Nick nodded at him and made a circle with his thumb and forefinger. Just then a drop of blood oozed warmly into the eye that Ray Booth had worked over, making it smart. He swiped his forearm across it, then walked slowly to the curb and sat beside a Plymouth with Kansas plates which was slowly settling on its tires. He could see the gash on his forehead reflected in the Plymouth’s bumper. It looked ugly but not deep. He would find the local drugstore, disinfect it, and slap a Band-Aid over it. He thought he still must have enough penicillin in his system to fight off almost anything, but his close call from the scrape on his leg had given him a horror of infection. He picked scraps of gravel out of his palms, wincing.

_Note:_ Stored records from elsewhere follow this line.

(* Let $U\subset\mathbb{R}^n$ be a bounded domain and let $V$ be an open set with $\overline V\subset U$. Let $(u_1,u_2)$ be a viscosity supersolution of the system (S) in $U$. Assume there is $x_0\in\partial V$ such that $u_1(x_0)\le u_i(x)$ for all $x\in U$ and $i=1,2$ (i.e. $u_1(x_0)=\min_{i=1,2}\min_{U}u_i$), and $u_1(x_0)<u_i(x)$ for all $x\in V$ and $i=1,2$. Assume further that $V$ satisfies the interior ball condition at $x_0$: there is an open ball $B=B(\bar x,R)\subset V$ with $x_0\in\partial B$. Let $\nu(x_0)=(x_0-\bar x)/|x_0-\bar x|$ be the outward unit normal at $x_0$. Then $$\liminf_{s\to0^+}\frac{u_1(x_0-s\nu(x_0))-u_1(x_0)}{s}>0.$$
   Context: For $\varphi\in C^2$ near $x$, set $\Delta_\infty\varphi(x)=|D\varphi(x)|^{-2}\sum_{k,l=1}^n\varphi_{x_k}\varphi_{x_l}\varphi_{x_kx_l}(x)$ when $D\varphi(x)\neq0$. Define $\Delta_\infty^+\varphi(x)=\Delta_\infty\varphi(x)$ if $D\varphi(x)\ne0$ and $\Delta_\infty^+\varphi(x)=\max\{D^2\varphi(x)v\cdot v: v\in\mathbb{S}^{n-1}\}$ if $D\varphi(x)=0$; define $\Delta_\infty^-\varphi(x)$ in the same way with $\min$ in place of $\max$. The system (S) on an open set $\Omega$ is: $-\Delta_\infty u_1+u_1-u_2=0$ and $-\Delta_\infty u_2+u_2-u_1=0$ in $\Omega$. A pair $(u_1,u_2)$ of upper semicontinuous functions on $\Omega$ is a viscosity subsolution of (S) in $\Omega$ if for each $i\in\{1,2\}$, $j=3-i$, and each $\varphi\in C^2(\Omega)$ such that $u_i-\varphi$ has a local maximum at $x_0\in\Omega$, one has $-\Delta_\infty^+\varphi(x_0)+u_i(x_0)-u_j(x_0)\le0$. A pair of lower semicontinuous functions on $\Omega$ is a viscosity supersolution if for each $i$, $j=3-i$, and each $\varphi\in C^2(\Omega)$ such that $u_i-\varphi$ has a local minimum at $x_0\in\Omega$, one has $-\Delta_\infty^-\varphi(x_0)+u_i(x_0)-u_j(x_0)\ge0$. A viscosity solution is a pair that is both a subsolution and a supersolution. *)

theory Defs
  imports "HOL-Analysis.Analysis"
begin

definition lsc_on :: "('a::topological_space) set \<Rightarrow> ('a \<Rightarrow> real) \<Rightarrow> bool" where
  "lsc_on S u \<longleftrightarrow> (\<forall>x\<in>S. \<forall>t. t < u x \<longrightarrow> eventually (\<lambda>y. t < u y) (at x within S))"

definition C2_with :: "(real^'n) set \<Rightarrow> (real^'n \<Rightarrow> real) \<Rightarrow> (real^'n \<Rightarrow> real^'n)
    \<Rightarrow> (real^'n \<Rightarrow> real^'n^'n) \<Rightarrow> bool" where
  "C2_with \<Omega> \<phi> g H \<longleftrightarrow>
     (\<forall>x\<in>\<Omega>. (\<phi> has_derivative (\<lambda>h. g x \<bullet> h)) (at x)) \<and>
     (\<forall>x\<in>\<Omega>. (g has_derivative (\<lambda>h. H x *v h)) (at x)) \<and>
     continuous_on \<Omega> H"

definition inf_lap_minus :: "real^'n \<Rightarrow> real^'n^'n \<Rightarrow> real" where
  "inf_lap_minus p X =
     (if p \<noteq> 0 then (p \<bullet> (X *v p)) / (norm p)^2
      else Inf {(X *v v) \<bullet> v | v. norm v = 1})"

definition super_component :: "(real^'n) set \<Rightarrow> (real^'n \<Rightarrow> real) \<Rightarrow> (real^'n \<Rightarrow> real) \<Rightarrow> bool" where
  "super_component \<Omega> ui uj \<longleftrightarrow>
     (\<forall>\<phi> g H x0. C2_with \<Omega> \<phi> g H \<and> x0 \<in> \<Omega> \<and>
        (\<exists>e>0. \<forall>y\<in>\<Omega> \<inter> ball x0 e. ui y - \<phi> y \<ge> ui x0 - \<phi> x0) \<longrightarrow>
        - inf_lap_minus (g x0) (H x0) + ui x0 - uj x0 \<ge> 0)"

definition visc_supersol_S :: "(real^'n) set \<Rightarrow> (real^'n \<Rightarrow> real) \<Rightarrow> (real^'n \<Rightarrow> real) \<Rightarrow> bool" where
  "visc_supersol_S \<Omega> u1 u2 \<longleftrightarrow>
     lsc_on \<Omega> u1 \<and> lsc_on \<Omega> u2 \<and>
     super_component \<Omega> u1 u2 \<and> super_component \<Omega> u2 u1"

end

theory Submission
  imports Defs
begin

(* Let m = u1(x0) be the minimum of u1, u2 over U, and B = ball xbar R the interior ball at x0.
   The proof compares u1 with the radial Gaussian barrier
       phi(x) = m + delta * (exp(-alpha |x - xbar|^2) - exp(-alpha R^2))
   on the closed annulus K = {R/2 <= |x - xbar| <= R}:
   - phi = m <= u1 on the outer sphere, and phi <= m + delta <= u1 on the inner sphere, where
     delta > 0 is the gap of the lower semicontinuous u1 above m on the compact inner sphere;
   - for alpha >= max 1 (4/R^2) the barrier is a strict classical subsolution in K, so it cannot
     touch the supersolution u1 from below at an interior point.
   Hence phi <= u1 on K.  Since phi grows linearly when entering B from x0, the difference
   quotients of u1 along the inward normal are bounded below by a positive constant. *)

lemma lsc_on_diff_continuous:
  assumes "lsc_on U u" "continuous_on U \<phi>"
  shows "lsc_on U (\<lambda>x. u x - \<phi> x)"
  unfolding lsc_on_def
proof (intro ballI allI impI)
  fix x t assume x: "x \<in> U" and t: "t < u x - \<phi> x"
  define e where "e = u x - \<phi> x - t"
  have e: "e > 0" using t by (simp add: e_def)
  have u_near: "eventually (\<lambda>y. u x - e/2 < u y) (at x within U)"
    using assms(1) x e unfolding lsc_on_def by auto
  have "(\<phi> \<longlongrightarrow> \<phi> x) (at x within U)"
    using assms(2) x by (simp add: continuous_on_def)
  then have \<phi>_near: "eventually (\<lambda>y. \<phi> y < \<phi> x + e/2) (at x within U)"
    using e by (intro order_tendstoD(2)) auto
  show "eventually (\<lambda>y. t < u y - \<phi> y) (at x within U)"
    using eventually_conj[OF u_near \<phi>_near] by eventually_elim (simp add: e_def field_simps)
qed

text \<open>If no point were minimal, each point would be beaten by another one, and a finite
  subcover of the neighbourhoods where f stays above these intermediate values gives a
  contradiction at the index with the smallest intermediate value.\<close>
lemma lsc_attains_min:
  assumes lsc: "lsc_on U f" and K: "compact K" "K \<subseteq> U" "K \<noteq> {}"
  shows "\<exists>z\<in>K. \<forall>y\<in>K. f z \<le> f y"
proof (rule ccontr)
  assume "\<not> ?thesis"
  then have "\<forall>x\<in>K. \<exists>y\<in>K. f y < f x" by (auto simp: not_le)
  then obtain better where better: "\<And>x. x \<in> K \<Longrightarrow> better x \<in> K \<and> f (better x) < f x"
    by metis
  define t where "t x = (f (better x) + f x) / 2" for x
  have "\<exists>N. open N \<and> x \<in> N \<and> (\<forall>z\<in>N. z \<in> U \<longrightarrow> t x < f z)" if x: "x \<in> K" for x
  proof -
    have tx: "t x < f x" using better[OF x] by (simp add: t_def)
    then have "eventually (\<lambda>y. t x < f y) (at x within U)"
      using lsc x K(2) unfolding lsc_on_def by auto
    then obtain S where "open S" "x \<in> S" "\<forall>z\<in>S. z \<noteq> x \<longrightarrow> z \<in> U \<longrightarrow> t x < f z"
      unfolding eventually_at_topological by blast
    then show ?thesis using tx by (intro exI[of _ S]) auto
  qed
  then obtain N where N: "\<And>x. x \<in> K \<Longrightarrow> open (N x) \<and> x \<in> N x \<and> (\<forall>z\<in>N x. z \<in> U \<longrightarrow> t x < f z)"
    by metis
  obtain D where D: "D \<subseteq> K" "finite D" "K \<subseteq> (\<Union>x\<in>D. N x)"
    using compactE_image[OF K(1), of K N] N by blast
  then have "D \<noteq> {}" using K(3) by blast
  then have "Min (t ` D) \<in> t ` D" using D(2) by (intro Min_in) auto
  then obtain x where x: "x \<in> D" "t x = Min (t ` D)" by auto
  have xK: "x \<in> K" using x D by blast
  then obtain x' where x': "x' \<in> D" "better x \<in> N x'" using D(3) better by blast
  have "t x' < f (better x)" using N[of x'] x' D K(2) better[OF xK] by blast
  moreover have "f (better x) < t x" using better[OF xK] by (simp add: t_def)
  moreover have "t x \<le> t x'" using x x' D(2) by simp
  ultimately show False by simp
qed

lemma lsc_uniform_gap:
  assumes "lsc_on U f" "compact K" "K \<subseteq> U" "K \<noteq> {}" "\<forall>y\<in>K. m < f y"
  shows "\<exists>\<delta>>0. \<forall>y\<in>K. m + \<delta> \<le> f y"
proof -
  obtain z where "z \<in> K" "\<forall>y\<in>K. f z \<le> f y" using lsc_attains_min assms(1-4) by blast
  then show ?thesis using assms(5) by (intro exI[of _ "f z - m"]) auto
qed

section \<open>The Gaussian barrier\<close>

definition gauss :: "real \<Rightarrow> real^'n \<Rightarrow> real^'n \<Rightarrow> real" where
  "gauss \<alpha> xbar x = exp (- \<alpha> * ((x - xbar) \<bullet> (x - xbar)))"

definition barrier :: "real^'n \<Rightarrow> real \<Rightarrow> real \<Rightarrow> real \<Rightarrow> real \<Rightarrow> real^'n \<Rightarrow> real" where
  "barrier xbar R \<alpha> m \<delta> x = m + \<delta> * (gauss \<alpha> xbar x - exp (- \<alpha> * R\<^sup>2))"

definition barrier_grad :: "real^'n \<Rightarrow> real \<Rightarrow> real \<Rightarrow> real^'n \<Rightarrow> real^'n" where
  "barrier_grad xbar \<alpha> \<delta> x = (- 2 * \<alpha> * \<delta> * gauss \<alpha> xbar x) *\<^sub>R (x - xbar)"

definition barrier_hess :: "real^'n \<Rightarrow> real \<Rightarrow> real \<Rightarrow> real^'n \<Rightarrow> real^'n^'n" where
  "barrier_hess xbar \<alpha> \<delta> x =
     (\<chi> i j. (- 2 * \<alpha> * \<delta> * gauss \<alpha> xbar x) *
              ((if i = j then 1 else 0) - 2 * \<alpha> * ((x - xbar)$i * (x - xbar)$j)))"

lemma gauss_norm: "gauss \<alpha> xbar x = exp (- \<alpha> * (norm (x - xbar))\<^sup>2)"
  by (simp add: gauss_def power2_norm_eq_inner)

lemma scaled_identity_minus_outer_mult:
  fixes d h :: "real^'n"
  shows "(\<chi> i j. c * ((if i = j then 1 else 0) - a * (d$i * d$j))) *v h
       = c *\<^sub>R (h - (a * (d \<bullet> h)) *\<^sub>R d)"
proof -
  have "(\<Sum>j\<in>UNIV. c * ((if i = j then 1 else 0) - a * (d$i * d$j)) * h$j)
      = (\<Sum>j\<in>UNIV. (if i = j then c * h$j else 0)) - (\<Sum>j\<in>UNIV. (c*a*d$i) * (d$j * h$j))" for i
    by (subst sum_subtractf[symmetric]) (rule sum.cong, auto simp: algebra_simps)
  also have "\<dots>i = c * h$i - (c*a*d$i) * (\<Sum>j\<in>UNIV. d$j * h$j)" for i
    by (simp add: sum_distrib_left)
  finally show ?thesis
    by (simp add: vec_eq_iff matrix_vector_mult_def inner_vec_def algebra_simps)
qed

lemma barrier_hess_mult:
  "barrier_hess xbar \<alpha> \<delta> x *v h
     = (- 2 * \<alpha> * \<delta> * gauss \<alpha> xbar x) *\<^sub>R (h - (2 * \<alpha> * ((x - xbar) \<bullet> h)) *\<^sub>R (x - xbar))"
  unfolding barrier_hess_def by (rule scaled_identity_minus_outer_mult)

lemma barrier_C2: "C2_with \<Omega> (barrier xbar R \<alpha> m \<delta>) (barrier_grad xbar \<alpha> \<delta>) (barrier_hess xbar \<alpha> \<delta>)"
  unfolding C2_with_def
proof (intro conjI ballI)
  fix x
  show "(barrier xbar R \<alpha> m \<delta> has_derivative (\<lambda>h. barrier_grad xbar \<alpha> \<delta> x \<bullet> h)) (at x)"
    unfolding barrier_def barrier_grad_def gauss_def
    by (auto intro!: derivative_eq_intros simp: algebra_simps inner_commute)
  show "(barrier_grad xbar \<alpha> \<delta> has_derivative (\<lambda>h. barrier_hess xbar \<alpha> \<delta> x *v h)) (at x)"
    unfolding barrier_hess_mult barrier_grad_def gauss_def
    by (auto intro!: derivative_eq_intros simp: algebra_simps inner_commute)
next
  show "continuous_on \<Omega> (barrier_hess xbar \<alpha> \<delta>)"
    unfolding barrier_hess_def gauss_def by (intro continuous_intros)
qed

lemma continuous_on_barrier: "continuous_on \<Omega> (barrier xbar R \<alpha> m \<delta>)"
  unfolding barrier_def gauss_def by (intro continuous_intros)

section \<open>The barrier is a strict subsolution away from its centre\<close>

lemma inf_lap_minus_radial:
  fixes d :: "real^'n"
  assumes "c \<noteq> 0" "d \<noteq> 0" and X: "\<And>h. X *v h = c *\<^sub>R (h - (a * (d \<bullet> h)) *\<^sub>R d)"
  shows "inf_lap_minus (c *\<^sub>R d) X = c * (1 - a * (d \<bullet> d))"
proof -
  have num: "(c *\<^sub>R d) \<bullet> (X *v (c *\<^sub>R d)) = (c * c * (d \<bullet> d)) * (c * (1 - a * (d \<bullet> d)))"
    unfolding X by (simp add: algebra_simps)
  have den: "(norm (c *\<^sub>R d))\<^sup>2 = c * c * (d \<bullet> d)"
    unfolding power2_norm_eq_inner by (simp add: algebra_simps)
  have "c * c * (d \<bullet> d) \<noteq> 0" using assms(1,2) by simp
  moreover have "c *\<^sub>R d \<noteq> 0" using assms(1,2) by simp
  ultimately show ?thesis unfolding inf_lap_minus_def num den by simp
qed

The man with the bottle of whiskey had been watching all of this with no expression at all. If Nick had looked up, it would have struck him as queer immediately. When he had turned away to examine his wound in the bumper’s reflection, the animation had leaked out of the man’s face. It became empty and clean and unlined. He was wearing bib-alls that were clean but faded and heavy workshoes. He stood about five-nine, and his hair was so blond it was nearly white. His eyes were a bright, empty blue, and with the cornsilk hair, his Swedish or Norwegian descent was unmistakable. He looked no more than twenty-three, but Nick found out later he had to be forty or close to it because he could remember the end of World War II, and how his daddy had come home in uniform a month later. There was no question that he might have made it all up. Invention was not Tom Cullen’s long suit.